Dopo aver letto il racconto lungo “Un anno nella città lineare” (A year in the linear city – 2002) dello statunitense Paul Di Filippo, si ha come la sensazione di trovarsi nel bel mezzo di un “cambio d’aria”: vi ricordate quando a scuola (quando le classi erano numerose e l’anidride carbonica prodotta dai giovani cervelli in attività aumentava in maniera esponenziale durante le ore di lezione) ad un certo punto della mattinata il maestro ordinava all’alunno che sedeva sotto la finestra di aprire le ante per far entrare l’aria nuova?
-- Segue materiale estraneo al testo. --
definition expansion_coeff :: "nat \<Rightarrow> nat \<Rightarrow> (nat \<Rightarrow> nat \<times> nat \<times> nat) \<Rightarrow> int" where
  "expansion_coeff q n e = (\<Prod>t<n. indicator_coeff q (e t))"

lemma sum3_zero_indicator_cong:
  assumes "prime p"
  shows "[of_bool (sum3_zero p n x y z) =
    (\<Sum>e\<in>PiE {..<n} (\<lambda>_. exponent_triples (p - 1)). expansion_coeff (p - 1) n e
       * eval_monomial n x (x_exponents n e) * eval_monomial n y (y_exponents n e)
       * eval_monomial n z (z_exponents n e))] (mod int p)"
proof -
  let ?q = "p - 1"
  have "of_bool (sum3_zero p n x y z) = (\<Prod>t<n. of_bool (p dvd x t + y t + z t) :: int)"
    by (simp add: prod_of_bool sum3_zero_def dvd_eq_mod_eq_0 Ball_def)
  also have "[\<dots> = (\<Prod>t<n. 1 - int (x t + y t + z t) ^ ?q)] (mod int p)"
    by (rule cong_prod, rule cong_sym, rule fermat_indicator_cong[OF assms])
  also have "(\<Prod>t<n. 1 - int (x t + y t + z t) ^ ?q) =
      (\<Prod>t<n. \<Sum>(\<alpha>, \<beta>, \<gamma>)\<in>exponent_triples ?q.
         indicator_coeff ?q (\<alpha>, \<beta>, \<gamma>) * int (x t) ^ \<alpha> * int (y t) ^ \<beta> * int (z t) ^ \<gamma>)"
    by (simp add: one_minus_power_expansion)
  also have "\<dots> = (\<Sum>e\<in>PiE {..<n} (\<lambda>_. exponent_triples ?q). \<Prod>t<n.
      indicator_coeff ?q (e t) * int (x t) ^ fst (e t) * int (y t) ^ fst (snd (e t)) * int (z t) ^ snd (snd (e t)))"
    by (simp add: prod_sum_PiE finite_exponent_triples split_def)
  also have "\<dots> = (\<Sum>e\<in>PiE {..<n} (\<lambda>_. exponent_triples ?q). expansion_coeff ?q n e
       * eval_monomial n x (x_exponents n e) * eval_monomial n y (y_exponents n e)
       * eval_monomial n z (z_exponents n e))"
    by (simp add: expansion_coeff_def eval_monomial_def x_exponents_def y_exponents_def
        z_exponents_def prod.distrib)
  finally show ?thesis .
qed

lemma exponents_in_bounded_monomials:
  assumes "e \<in> PiE {..<n} (\<lambda>_. exponent_triples (p - 1))"
  shows "x_exponents n e \<in> bounded_monomials p n \<or> y_exponents n e \<in> bounded_monomials p n
    \<or> z_exponents n e \<in> bounded_monomials p n"
proof -
  have deg: "x_exponents n e t + y_exponents n e t + z_exponents n e t \<le> p - 1" if "t < n" for t
  proof -
    have "e t \<in> exponent_triples (p - 1)"
      using assms that by blast
    then show ?thesis
      using that by (simp add: x_exponents_def y_exponents_def z_exponents_def exponent_triples_def split_beta)
  qed
  then have "(\<Sum>t<n. x_exponents n e t + y_exponents n e t + z_exponents n e t) \<le> n * (p - 1)"
    using sum_bounded_above[of "{..<n}" _ "p - 1"] by simp
  then have "(\<Sum>t<n. x_exponents n e t) + (\<Sum>t<n. y_exponents n e t) + (\<Sum>t<n. z_exponents n e t)
      \<le> (p - 1) * n"
    by (simp add: sum.distrib mult.commute)
  then consider "3 * (\<Sum>t<n. x_exponents n e t) \<le> (p - 1) * n"
    | "3 * (\<Sum>t<n. y_exponents n e t) \<le> (p - 1) * n"
    | "3 * (\<Sum>t<n. z_exponents n e t) \<le> (p - 1) * n"
    by linarith
  moreover have "x_exponents n e t \<le> p - 1 \<and> y_exponents n e t \<le> p - 1 \<and> z_exponents n e t \<le> p - 1"
    for t
    using deg[of t] by (cases "t < n") (auto simp: x_exponents_def y_exponents_def z_exponents_def)
  moreover have "x_exponents n e t = 0 \<and> y_exponents n e t = 0 \<and> z_exponents n e t = 0" if "n \<le> t" for t
    using that by (simp add: x_exponents_def y_exponents_def z_exponents_def)
  ultimately show ?thesis
    unfolding bounded_monomials_def by cases auto
qed

lemma finite_bounded_monomials: "finite (bounded_monomials p n)"
proof (rule finite_subset)
  show "bounded_monomials p n \<subseteq> {e. \<forall>t. (t \<in> {..<n} \<longrightarrow> e t \<in> {..p - 1}) \<and> (t \<notin> {..<n} \<longrightarrow> e t = 0)}"
    unfolding bounded_monomials_def by (simp add: Collect_mono_iff not_less)
qed (intro finite_set_of_finite_funs finite_lessThan finite_atMost)

lemma residue_eq_of_dvd_diff:
  assumes "a \<in> {0..<int p}" and "b \<in> {0..<int p}" and "int p dvd a - b"
  shows "a = b"
  using assms by (metis atLeastLessThan_iff mod_eq_dvd_iff mod_pos_pos_trivial)

lemma triangular_combination_dvd:
  fixes N :: "'i::linorder \<Rightarrow> 'i \<Rightarrow> int" and d :: "'i \<Rightarrow> int"
  assumes "prime p" and "finite D"
    and diag: "\<forall>i\<in>D. \<not> int p dvd N i i"
    and upper: "\<forall>i\<in>D. \<forall>k\<in>D. k < i \<longrightarrow> int p dvd N i k"
    and comb: "\<forall>k\<in>D. int p dvd (\<Sum>i\<in>D. d i * N i k)"
    and "i \<in> D"
  shows "int p dvd d i"
proof (rule ccontr)
  let ?bad = "{i\<in>D. \<not> int p dvd d i}"
  assume "\<not> int p dvd d i"
  define k where "k = Min ?bad"
  have fin: "finite ?bad"
    using \<open>finite D\<close> by simp
  with \<open>i \<in> D\<close> \<open>\<not> int p dvd d i\<close> have "k \<in> ?bad"
    unfolding k_def by (intro Min_in) auto
  then have k: "k \<in> D" "\<not> int p dvd d k"
    by auto
  have least: "int p dvd d i" if "i \<in> D" "i < k" for i
    using Min_le[OF fin, of i] that unfolding k_def by force
  have "int p dvd (\<Sum>i\<in>D - {k}. d i * N i k)"
    using least upper k by (intro dvd_sum) (auto simp: neq_iff)
  moreover have "(\<Sum>i\<in>D. d i * N i k) = d k * N k k + (\<Sum>i\<in>D - {k}. d i * N i k)"
    using \<open>finite D\<close> k by (simp add: sum.remove)
  ultimately have "int p dvd d k * N k k"
    using comb k by (metis dvd_add_left_iff)
  with \<open>prime p\<close> diag k show False
    by (simp add: prime_dvd_mult_iff)
qed

lemma low_rank_combination_dvd:
  fixes N :: "'i \<Rightarrow> 'i \<Rightarrow> int" and f g :: "'r \<Rightarrow> 'i \<Rightarrow> int"
  assumes low_rank: "\<forall>i\<in>D. [N i k = (\<Sum>r\<in>R. f r i * g r k)] (mod int p)"
    and comb: "\<forall>r\<in>R. int p dvd (\<Sum>i\<in>D. d i * f r i)"
  shows "int p dvd (\<Sum>i\<in>D. d i * N i k)"
proof -
  have "[(\<Sum>i\<in>D. d i * N i k) = (\<Sum>i\<in>D. d i * (\<Sum>r\<in>R. f r i * g r k))] (mod int p)"
    using low_rank by (intro cong_sum cong_mult cong_refl) auto
  also have "(\<Sum>i\<in>D. d i * (\<Sum>r\<in>R. f r i * g r k)) = (\<Sum>r\<in>R. (\<Sum>i\<in>D. d i * f r i) * g r k)"
    by (simp add: sum_distrib_left sum_distrib_right mult.assoc sum.swap[of _ D])
  also have "[\<dots> = 0] (mod int p)"
    using comb by (simp add: cong_0_iff dvd_sum)
  finally show ?thesis
    by (simp add: cong_0_iff)
qed

lemma card_le_of_triangular_low_rank:
  fixes N :: "'i::linorder \<Rightarrow> 'i \<Rightarrow> int" and f g :: "'r \<Rightarrow> 'i \<Rightarrow> int"
  assumes "prime p" and "finite D" and "finite R"
    and diag: "\<forall>i\<in>D. \<not> int p dvd N i i"
    and upper: "\<forall>i\<in>D. \<forall>k\<in>D. k < i \<longrightarrow> int p dvd N i k"
    and low_rank: "\<forall>i\<in>D. \<forall>k\<in>D. [N i k = (\<Sum>r\<in>R. f r i * g r k)] (mod int p)"
  shows "card D \<le> card R"
proof -
  let ?Zp = "{0..<int p}"
  define \<Psi> where "\<Psi> c = (\<lambda>r\<in>R. (\<Sum>i\<in>D. c i * f r i) mod int p)" for c
  have "inj_on \<Psi> (PiE D (\<lambda>_. ?Zp))"
  proof (rule inj_onI)
    fix c c' assume c: "c \<in> PiE D (\<lambda>_. ?Zp)" and c': "c' \<in> PiE D (\<lambda>_. ?Zp)" and "\<Psi> c = \<Psi> c'"
    have comb: "\<forall>r\<in>R. int p dvd (\<Sum>i\<in>D. (c i - c' i) * f r i)"
    proof
      fix r assume "r \<in> R"
      moreover have "\<Psi> c r = \<Psi> c' r"
        by (simp add: \<open>\<Psi> c = \<Psi> c'\<close>)
      ultimately have "(\<Sum>i\<in>D. c i * f r i) mod int p = (\<Sum>i\<in>D. c' i * f r i) mod int p"
        by (simp add: \<Psi>_def)
      then show "int p dvd (\<Sum>i\<in>D. (c i - c' i) * f r i)"
        by (simp add: mod_eq_dvd_iff sum_subtractf left_diff_distrib)
    qed
    have "\<forall>k\<in>D. int p dvd (\<Sum>i\<in>D. (c i - c' i) * N i k)"
    proof
      fix k assume "k \<in> D"
      with low_rank have "\<forall>i\<in>D. [N i k = (\<Sum>r\<in>R. f r i * g r k)] (mod int p)"
        by blast
      then show "int p dvd (\<Sum>i\<in>D. (c i - c' i) * N i k)"
        using comb by (rule low_rank_combination_dvd)
    qed
    then have "int p dvd c i - c' i" if "i \<in> D" for i
      by (rule triangular_combination_dvd[where d = "\<lambda>i. c i - c' i", OF \<open>prime p\<close> \<open>finite D\<close> diag upper _ that])
    with c c' show "c = c'"
      by (intro PiE_ext residue_eq_of_dvd_diff) auto
  qed
  moreover have "\<Psi> ` PiE D (\<lambda>_. ?Zp) \<subseteq> PiE R (\<lambda>_. ?Zp)"
    using prime_gt_0_nat[OF \<open>prime p\<close>] unfolding \<Psi>_def by auto
  ultimately have "card (PiE D (\<lambda>_. ?Zp)) \<le> card (PiE R (\<lambda>_. ?Zp))"
    using \<open>finite R\<close> by (intro card_inj_on_le) (auto intro: finite_PiE)
  then have "p ^ card D \<le> p ^ card R"
    using \<open>finite D\<close> \<open>finite R\<close> by (simp add: card_PiE)
  then show ?thesis
    by (rule power_le_imp_le_exp[OF prime_gt_1_nat[OF \<open>prime p\<close>]])
qed

definition residue_support :: "nat \<Rightarrow> 'i set \<Rightarrow> ('i \<Rightarrow> int) \<Rightarrow> 'i set" where
  "residue_support p M v = {j\<in>M. \<not> int p dvd v j}"

lemma exists_kernel_vector_on:
  fixes B :: "'b \<Rightarrow> 'i \<Rightarrow> int"
  assumes "prime p" and "finite F" and "finite J" and "card J < card F"
  shows "\<exists>w. (\<forall>\<beta>\<in>J. int p dvd (\<Sum>j\<in>F. w j * B \<beta> j)) \<and> (\<forall>j. j \<notin> F \<longrightarrow> w j = 0)
    \<and> (\<exists>t\<in>F. \<not> int p dvd w t)"
proof -
  let ?Zp = "{0..<int p}"
  define L where "L f = (\<lambda>\<beta>\<in>J. (\<Sum>j\<in>F. f j * B \<beta> j) mod int p)" for f
  have "card (PiE J (\<lambda>_. ?Zp)) < card (PiE F (\<lambda>_. ?Zp))"
    using assms prime_gt_1_nat[OF \<open>prime p\<close>] by (simp add: card_PiE power_strict_increasing)
  moreover have "L ` PiE F (\<lambda>_. ?Zp) \<subseteq> PiE J (\<lambda>_. ?Zp)"
    using prime_gt_0_nat[OF \<open>prime p\<close>] unfolding L_def by auto
  ultimately have "\<not> inj_on L (PiE F (\<lambda>_. ?Zp))"
    using card_inj_on_le[of L "PiE F (\<lambda>_. ?Zp)" "PiE J (\<lambda>_. ?Zp)"] \<open>finite J\<close>
    by (auto simp: finite_PiE)
  then obtain f1 f2 where f1: "f1 \<in> PiE F (\<lambda>_. ?Zp)" and f2: "f2 \<in> PiE F (\<lambda>_. ?Zp)"
    and "f1 \<noteq> f2" and "L f1 = L f2"
    unfolding inj_on_def by blast
  then obtain t where t: "t \<in> F" "f1 t \<noteq> f2 t"
    using PiE_ext by blast
  define w where "w j = (if j \<in> F then f1 j - f2 j else 0)" for j
  have kernel: "int p dvd (\<Sum>j\<in>F. w j * B \<beta> j)" if "\<beta> \<in> J" for \<beta>
  proof -
    have "(\<Sum>j\<in>F. f1 j * B \<beta> j) mod int p = (\<Sum>j\<in>F. f2 j * B \<beta> j) mod int p"
      using fun_cong[OF \<open>L f1 = L f2\<close>, of \<beta>] that by (simp add: L_def)
    then show ?thesis
      by (simp add: w_def mod_eq_dvd_iff sum_subtractf left_diff_distrib)
  qed
  have nonzero: "\<not> int p dvd w t"
  proof -
    have "f1 t \<in> ?Zp" "f2 t \<in> ?Zp"
      using f1 f2 t by auto
    with t show ?thesis
      using residue_eq_of_dvd_diff by (auto simp: w_def)
  qed
  show ?thesis
  proof (intro exI[of _ w] conjI)
    show "\<forall>j. j \<notin> F \<longrightarrow> w j = 0"
      by (simp add: w_def)
  qed (use kernel nonzero t in blast)+
qed
lemma subspace_chain_Union:
  assumes "\<And>G. G \<in> \<G> \<Longrightarrow> subspace_chain G" and "\<And>G H. G \<in> \<G> \<Longrightarrow> H \<in> \<G> \<Longrightarrow> G \<subseteq> H \<or> H \<subseteq> G"
  shows "subspace_chain (\<Union>\<G>)"
  unfolding subspace_chain_def
proof (intro conjI ballI)
  show "subspace S" if "S \<in> \<Union>\<G>" for S
    using that assms(1) subspace_chain_subspace by blast
  fix S T assume "S \<in> \<Union>\<G>" "T \<in> \<Union>\<G>"
  then obtain G H where "G \<in> \<G>" "H \<in> \<G>" "S \<in> G" "T \<in> H" by blast
  then show "S \<subseteq> T \<or> T \<subseteq> S"
    using assms subspace_chain_total by (metis subsetD)
qed

lemma subspace_chain_extends_to_maximal:
  assumes "subspace_chain B"
  shows "\<exists>M. maximal_chain M \<and> B \<subseteq> M"
proof -
  let ?\<A> = "{G. subspace_chain G \<and> B \<subseteq> G}"
  have "\<exists>M\<in>?\<A>. \<forall>G\<in>?\<A>. M \<subseteq> G \<longrightarrow> G = M"
  proof (rule subset_Zorn_nonempty)
    show "?\<A> \<noteq> {}" using assms by blast
  next
    fix \<G> assume "\<G> \<noteq> {}" and "subset.chain ?\<A> \<G>"
    then have mem: "\<And>G. G \<in> \<G> \<Longrightarrow> subspace_chain G \<and> B \<subseteq> G"
      and total: "\<And>G H. G \<in> \<G> \<Longrightarrow> H \<in> \<G> \<Longrightarrow> G \<subseteq> H \<or> H \<subseteq> G"
      unfolding subset_chain_def by blast+
    have "subspace_chain (\<Union>\<G>)" using mem total by (intro subspace_chain_Union) blast+
    moreover have "B \<subseteq> \<Union>\<G>" using \<open>\<G> \<noteq> {}\<close> mem by blast
    ultimately show "\<Union>\<G> \<in> ?\<A>" by blast
  qed
  then obtain M where "M \<in> ?\<A>" and "\<forall>G\<in>?\<A>. M \<subseteq> G \<longrightarrow> G = M" by blast
  then have "maximal_chain M" unfolding maximal_chain_def by blast
  with \<open>M \<in> ?\<A>\<close> show ?thesis by blast
qed

lemma subspace_chains_comparable_over_covering:
  assumes "covers B" and M: "subspace_chain M" "B \<subseteq> M" and N: "subspace_chain N" "B \<subseteq> N"
    and "C \<in> M" "D \<in> N" "\<not> C \<subseteq> D"
  shows "D \<subseteq> C"
proof -
  obtain x where x: "x \<in> C" "x \<notin> D" using \<open>\<not> C \<subseteq> D\<close> by blast
  then have "x \<noteq> 0" using subspace_0 subspace_chain_subspace[OF N(1) \<open>D \<in> N\<close>] by blast
  with \<open>covers B\<close> obtain A A' where "A \<in> B" "A' \<in> B" and q: "quot_dim_one A A'" and "x \<in> A'" "x \<notin> A"
    by (rule coversE)
  then have "A' \<subseteq> C" "D \<subseteq> A"
    using subspace_chain_jump_cut[OF M(1) _ _ \<open>C \<in> M\<close> q] subspace_chain_jump_cut[OF N(1) _ _ \<open>D \<in> N\<close> q]
      x M(2) N(2) by blast+
  moreover have "A \<subseteq> A'" using q by (rule quot_dim_one_subset)
  ultimately show ?thesis by blast
qed
(* Let $G_1$ be a graph on $n$ nodes with Laplacian $Q_1$, and let $G_1^c$ be its complement, whose Laplacian is $nI-J-Q_1$ ($J$ the $n\times n$ all-one matrix). For $p\ge0$ let $$Q(p)=\begin{bmatrix} Q_1+npI & -pJ\\ -pJ & nI-J-Q_1+npI\end{bmatrix}$$ (the graph $G_1$ coupled to $G_1^c$ by an $n$-to-$n$ interconnection of weight $p$), with eigenvalues $0=\mu_N(p)\le\mu_{N-1}(p)\le\dots\le\mu_1(p)$, $N=2n$. Define $p^*=\sup\big(\{0\}\cup\{p>0:\ \mu_{N-1}(p)=2np\}\big)$. Then $$p^*=\min\left(\frac{\mu_{n-1}(Q_1)}{n},\ 1-\frac{\mu_1(Q_1)}{n}\right),$$ where $\mu_{n-1}(Q_1)$ and $\mu_1(Q_1)$ are the second smallest and the largest eigenvalue of $Q_1$, respectively.
   Context: $2np$ is an eigenvalue of $Q(p)$ with eigenvector $[u^T,-u^T]^T$, $u$ the all-one vector; $p^*$ is the structural transition threshold, described in the paper as the coupling beyond which the algebraic connectivity $\mu_{N-1}$ no longer equals $2np$ (formalized here as the supremum). *)

theory Defs
  imports "Jordan_Normal_Form.Char_Poly" "HOL-Computational_Algebra.Polynomial"
begin

definition simple_graph :: "nat \<Rightarrow> (nat \<Rightarrow> nat \<Rightarrow> bool) \<Rightarrow> bool" where
  "simple_graph n E \<longleftrightarrow> (\<forall>i<n. \<forall>j<n. E i j = E j i) \<and> (\<forall>i<n. \<not> E i i)"

definition laplacian :: "nat \<Rightarrow> (nat \<Rightarrow> nat \<Rightarrow> bool) \<Rightarrow> real mat" where
  "laplacian n E = mat n n (\<lambda>(i,j). if i = j then real (card {k. k < n \<and> E i k})
                                      else if E i j then -1 else 0)"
Leggere lo scrittore postmoderno Di Filippo dà la sensazione del nuovo che avanza: un nuovo che nasce dal felice incontro tra postmodernismo letterario e fantascienza.
Mi potrei soffermare sull’ambientazione fantastica e surreale creata dalla sua penna d’artigiano; potrei offrirvi delle pennellate recensorie sulla improbabile città descritta in questo racconto lungo o sulle verità escatologiche possedute da una strana popolazione…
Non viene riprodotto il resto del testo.